Creo que era Leonardo da Vinci el que decía que una vida bien vivida traía una muerte feliz. ¿Cómo saber cómo ha vivido alguien? No sé. Me dijeron que los médicos luchábamos contra la muerte y no es cierto, luchamos por la vida, por la mejor vida posible, pero a veces… Le había valorado un compañero médico, sus síntomas como tantos, febrícula, mialgias, tos sin ahogo y ningún factor de riesgo. Buen pronóstico. Mas por hábito al protocolo que por ver necesidad lo programó para seguimiento telefónico. A las 24 horas una enfermera jovencilla, pero entrenada en llamadas contactó con él. Dejó anotada la mejoría, no fiebre, menos tos, seguía sin ahogo solo una gran paliza, como a muchos, le aquejaba. A las 48 h repite la llamada, persiste la mejoría, solo el gran quebranto permanece. Anuncia que no llamará hasta tres días después, desea que continúe la mejoría, augura que el machaque acaba cediendo, como con tantos otros virus, y se despide entre agradecimientos. El destino reparte las cartas, pero nosotros las jugamos. Una llamada entra en administración, cuando la voz al otro lado da el nombre del paciente, la administrativa ve que ha sido programado para control dos días después por ella, le pasa la llamada, ¡qué suerte! piensa, está en el centro. 

– Si, dígame – le sorprende una voz de mujer – Verá soy la mujer, era la mujer de … El hielo la invade, “Era”, ¿He entendido bien? Desde el primer momento, el tono, la urgencia, el dolor que exuda cada sílaba la traspasa. La voz sigue informando mientras ella trata de centrar la atención en cada palabra 

– … de repente un dolor en el pecho, una opresión, se venció hacia delante y… Cuando llegaron los de urgencias solo pudieron certificar. 
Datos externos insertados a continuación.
(* Let $\varphi:\mathbb{M}(n)\to\mathbb{C}$ be a positive unital linear functional and let $A\in\mathbb{M}(n)$ be Hermitian. Put $B=A-\varphi(A)I$. Then $$\varphi(B^4)\le\frac{\operatorname{spd}(A)^4}{12}$$ and $$\varphi(B^2)\varphi(B^4)-\varphi(B^2)^3-\varphi(B^3)^2\le\frac{\operatorname{spd}(A)^6}{432}.$$
   Context: $\mathbb{M}(n)$ is the algebra of $n\times n$ complex matrices. A linear functional $\varphi$ on $\mathbb{M}(n)$ is positive if $\varphi(A)\ge0$ whenever $A$ is positive semidefinite, and unital if $\varphi(I)=1$. For $A$ with eigenvalues $\lambda_1,\dots,\lambda_n$, the spread is $\operatorname{spd}(A)=\max_{i,j}|\lambda_i-\lambda_j|$. *)

theory Defs
  imports "Jordan_Normal_Form.Spectral_Radius" "HOL-Library.Complex_Order"
begin

definition hermitian_mat :: "nat \<Rightarrow> complex mat \<Rightarrow> bool" where
  "hermitian_mat n A \<longleftrightarrow> A \<in> carrier_mat n n \<and>
     (\<forall>i<n. \<forall>j<n. A $$ (i, j) = cnj (A $$ (j, i)))"

definition psd_mat :: "nat \<Rightarrow> complex mat \<Rightarrow> bool" where
  "psd_mat n A \<longleftrightarrow> hermitian_mat n A \<and>
     (\<forall>v \<in> carrier_vec n. 0 \<le> (\<Sum>i<n. cnj (v $ i) * (A *\<^sub>v v) $ i))"

definition pos_unital_functional :: "nat \<Rightarrow> (complex mat \<Rightarrow> complex) \<Rightarrow> bool" where
  "pos_unital_functional n \<phi> \<longleftrightarrow>
     (\<forall>X \<in> carrier_mat n n. \<forall>Y \<in> carrier_mat n n. \<phi> (X + Y) = \<phi> X + \<phi> Y) \<and>
     (\<forall>c. \<forall>X \<in> carrier_mat n n. \<phi> (c \<cdot>\<^sub>m X) = c * \<phi> X) \<and>
     (\<forall>X. psd_mat n X \<longrightarrow> 0 \<le> \<phi> X) \<and>
     \<phi> (1\<^sub>m n) = 1"

definition spd :: "complex mat \<Rightarrow> real" where
  "spd A = Max {cmod (l - m) | l m. eigenvalue A l \<and> eigenvalue A m}"

end

theory Submission
  imports Defs
begin

text \<open>Let the spectrum of \<open>A\<close> lie in \<open>[c - h, c + h]\<close> with \<open>2 h \<le> spd A\<close>. Since a Hermitian
matrix is dominated by its largest eigenvalue (shown here through the boundedness of the powers
of a matrix of spectral radius below \<open>1\<close>), \<open>h\<^sup>2 - (A - c)\<^sup>2\<close> is positive semidefinite.
Evaluating \<open>\<phi>\<close> at real polynomials in \<open>A\<close> gives a positive linear functional on real polynomials;
sandwiching \<open>h\<^sup>2 - (A - c)\<^sup>2\<close> between \<open>1\<close>, \<open>A - c\<close> and \<open>A - c - 2 s\<close> (with \<open>s = \<phi>(A) - c\<close>)
yields three inequalities between the central moments of \<open>\<phi>\<close>, from which both bounds follow
by elementary real algebra.\<close>

section \<open>Hermitian matrices and their quadratic forms\<close>

lemma hermitian_mat_carrier: "hermitian_mat n X \<Longrightarrow> X \<in> carrier_mat n n"
  unfolding hermitian_mat_def by blast

lemma hermitian_matD: "hermitian_mat n X \<Longrightarrow> i < n \<Longrightarrow> j < n \<Longrightarrow> cnj (X $$ (i, j)) = X $$ (j, i)"
  unfolding hermitian_mat_def by metis

lemma hermitian_matI:
  "X \<in> carrier_mat n n \<Longrightarrow> (\<And>i j. i < n \<Longrightarrow> j < n \<Longrightarrow> cnj (X $$ (i, j)) = X $$ (j, i))
   \<Longrightarrow> hermitian_mat n X"
  unfolding hermitian_mat_def by metis
lemma excess_integral_eq:
  assumes "u > 0"
  shows "excess_integral a b u
    = (LINT w:{u..}|lborel. w * beta_prime_kernel a b w) - u * kernel_tail a b u"
proof -
  have "excess_integral a b u
      = (LINT w:{u..}|lborel. w * beta_prime_kernel a b w - u * beta_prime_kernel a b w)"
    unfolding excess_integral_def by (simp add: left_diff_distrib)
  also have "\<dots> = (LINT w:{u..}|lborel. w * beta_prime_kernel a b w)
      - (LINT w:{u..}|lborel. u * beta_prime_kernel a b w)"
    using set_integrable_mult_beta_prime_kernel set_integrable_beta_prime_kernel assms
    by (intro set_integral_diff) (auto intro: set_integrable_mult_right)
  finally show ?thesis unfolding kernel_tail_def by simp
qed

lemma integrable_excess_integrand:
  assumes u: "u > 0"
  shows "integrable lborel (\<lambda>w. indicator {u..} w * ((w - u) * beta_prime_kernel a b w))"
proof -
  have "set_integrable lborel {u..}
      (\<lambda>w. w * beta_prime_kernel a b w - u * beta_prime_kernel a b w)"
    using set_integrable_mult_beta_prime_kernel set_integrable_beta_prime_kernel u
    by (intro set_integral_diff set_integrable_mult_right) auto
  then show ?thesis unfolding set_integrable_def by (simp add: left_diff_distrib)
qed

lemma integrable_kernel_indicator:
  "u > 0 \<Longrightarrow> integrable lborel (\<lambda>w. indicator {u..} w * beta_prime_kernel a b w)"
  using set_integrable_beta_prime_kernel unfolding set_integrable_def by simp

lemma kernel_tail_antimono:
  assumes "u1 > 0" and "u1 \<le> u2"
  shows "kernel_tail a b u2 \<le> kernel_tail a b u1"
  unfolding kernel_tail_def set_lebesgue_integral_def
  using assms integrable_kernel_indicator[of u1] integrable_kernel_indicator[of u2]
  by (intro integral_mono) (auto simp: indicator_def beta_prime_kernel_nonneg)

lemma kernel_tail_pos:
  assumes u: "u > 0"
  shows "kernel_tail a b u > 0"
proof -
  have "0 < u powr (a - 1) * ((1 + u) powr (- (a + b)) / (a + b))"
    using u a b by auto
  also have "\<dots> = (\<integral>w. u powr (a - 1) * (indicator {u..} w * (1 + w) powr (- (a + b) - 1)) \<partial>lborel)"
    using set_integral_one_plus_powr[of u "a + b"] u a b
    unfolding set_lebesgue_integral_def by simp
  also have "\<dots> \<le> (\<integral>w. indicator {u..} w * beta_prime_kernel a b w \<partial>lborel)"
  proof (rule integral_mono)
    show "integrable lborel (\<lambda>w. u powr (a - 1) * (indicator {u..} w * (1 + w) powr (- (a + b) - 1)))"
      using set_integrable_one_plus_powr[of u "a + b"] u a b
      unfolding set_integrable_def by auto
    show "integrable lborel (\<lambda>w. indicator {u..} w * beta_prime_kernel a b w)"
      using integrable_kernel_indicator[OF u] .
    fix w :: real
    show "u powr (a - 1) * (indicator {u..} w * (1 + w) powr (- (a + b) - 1))
        \<le> indicator {u..} w * beta_prime_kernel a b w"
    proof (cases "w \<ge> u")
      case True
      then have "u powr (a - 1) \<le> w powr (a - 1)" using u a by (intro powr_mono2) auto
      then show ?thesis
        using True unfolding beta_prime_kernel_def by (auto simp: indicator_def intro!: mult_right_mono)
    qed (simp add: indicator_def)
  qed
  finally show ?thesis unfolding kernel_tail_def set_lebesgue_integral_def by simp
qed

text \<open>Moving the threshold from \<open>u1\<close> to \<open>u2\<close> changes \<open>(w - u)\<^sup>+\<close> by at most \<open>u2 - u1\<close>, and by
  exactly that amount on \<open>[u2, \<infinity>)\<close>.\<close>

lemma excess_integral_decrease_ge:
  assumes u1: "u1 > 0" and u12: "u1 \<le> u2"
  shows "excess_integral a b u2 + (u2 - u1) * kernel_tail a b u2 \<le> excess_integral a b u1"
proof -
  have u2: "u2 > 0" using u1 u12 by auto
  have "excess_integral a b u2 + (u2 - u1) * kernel_tail a b u2 =
     (\<integral>w. indicator {u2..} w * ((w - u2) * beta_prime_kernel a b w)
        + (u2 - u1) * (indicator {u2..} w * beta_prime_kernel a b w) \<partial>lborel)"
    unfolding excess_integral_def kernel_tail_def set_lebesgue_integral_def
    using integrable_excess_integrand[OF u2] integrable_kernel_indicator[OF u2] by simp
  also have "\<dots> \<le> (\<integral>w. indicator {u1..} w * ((w - u1) * beta_prime_kernel a b w) \<partial>lborel)"
  proof (rule integral_mono)
    fix w :: real
    show "indicator {u2..} w * ((w - u2) * beta_prime_kernel a b w)
          + (u2 - u1) * (indicator {u2..} w * beta_prime_kernel a b w)
        \<le> indicator {u1..} w * ((w - u1) * beta_prime_kernel a b w)"
      using u1 u12 beta_prime_kernel_nonneg[of w a b]
        mult_right_mono[of u1 w "beta_prime_kernel a b w"]
      by (auto simp: indicator_def algebra_simps)
  qed (use integrable_excess_integrand[OF u1] integrable_excess_integrand[OF u2]
        integrable_kernel_indicator[OF u2] in auto)
  finally show ?thesis unfolding excess_integral_def set_lebesgue_integral_def by simp
qed

lemma excess_integral_decrease_le:
  assumes u1: "u1 > 0" and u12: "u1 \<le> u2"
  shows "excess_integral a b u1 \<le> excess_integral a b u2 + (u2 - u1) * kernel_tail a b u1"
proof -
  have u2: "u2 > 0" using u1 u12 by auto
  have "excess_integral a b u1 = (\<integral>w. indicator {u1..} w * ((w - u1) * beta_prime_kernel a b w) \<partial>lborel)"
    unfolding excess_integral_def set_lebesgue_integral_def by simp
  also have "\<dots> \<le> (\<integral>w. indicator {u2..} w * ((w - u2) * beta_prime_kernel a b w)
      + (u2 - u1) * (indicator {u1..} w * beta_prime_kernel a b w) \<partial>lborel)"
  proof (rule integral_mono)
    fix w :: real
    have "(w - u1) * beta_prime_kernel a b w \<le> (u2 - u1) * beta_prime_kernel a b w"
      if "u1 \<le> w" "w < u2"
      using that u1 beta_prime_kernel_nonneg[of w a b] by (intro mult_right_mono) auto
    then show "indicator {u1..} w * ((w - u1) * beta_prime_kernel a b w)
        \<le> indicator {u2..} w * ((w - u2) * beta_prime_kernel a b w)
          + (u2 - u1) * (indicator {u1..} w * beta_prime_kernel a b w)"
      using u12 by (auto simp: indicator_def algebra_simps)
  qed (use integrable_excess_integrand[OF u1] integrable_excess_integrand[OF u2]
        integrable_kernel_indicator[OF u1] in auto)
  also have "\<dots> = excess_integral a b u2 + (u2 - u1) * kernel_tail a b u1"
    unfolding excess_integral_def kernel_tail_def set_lebesgue_integral_def
    using integrable_excess_integrand[OF u2] integrable_kernel_indicator[OF u1] by simp
  finally show ?thesis .
qed

lemma excess_integral_strict_antimono:
  assumes "u1 > 0" and "u1 < u2"
  shows "excess_integral a b u2 < excess_integral a b u1"
proof -
  have "(u2 - u1) * kernel_tail a b u2 > 0"
    using kernel_tail_pos[of u2] assms by (intro mult_pos_pos) auto
  then show ?thesis using excess_integral_decrease_ge[of u1 u2] assms by linarith
qed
El silencio breve se hizo eterno. Mostró su sorpresa, acompañó el dolor y dejó hablar. 

– No le quieren hacer la autopsia, el juez dice que solo en casos de sospecha de muerte violenta. 

Con la autopsia negada terminó la conversación. No el duelo. Buscó a sus pares, desahogó su sorpresa, su malestar… Era castellana, poco tocona, pero como habría agradecido un abrazo consolador. Se recompuso como una veterana y enfrentó el toro. Era raro la falta de emoción en la reciente viuda. Llamó de nuevo para ponerse a su disposición y las lágrimas anegaron la línea. Dejaría pasar unos días y la volvería a llamar.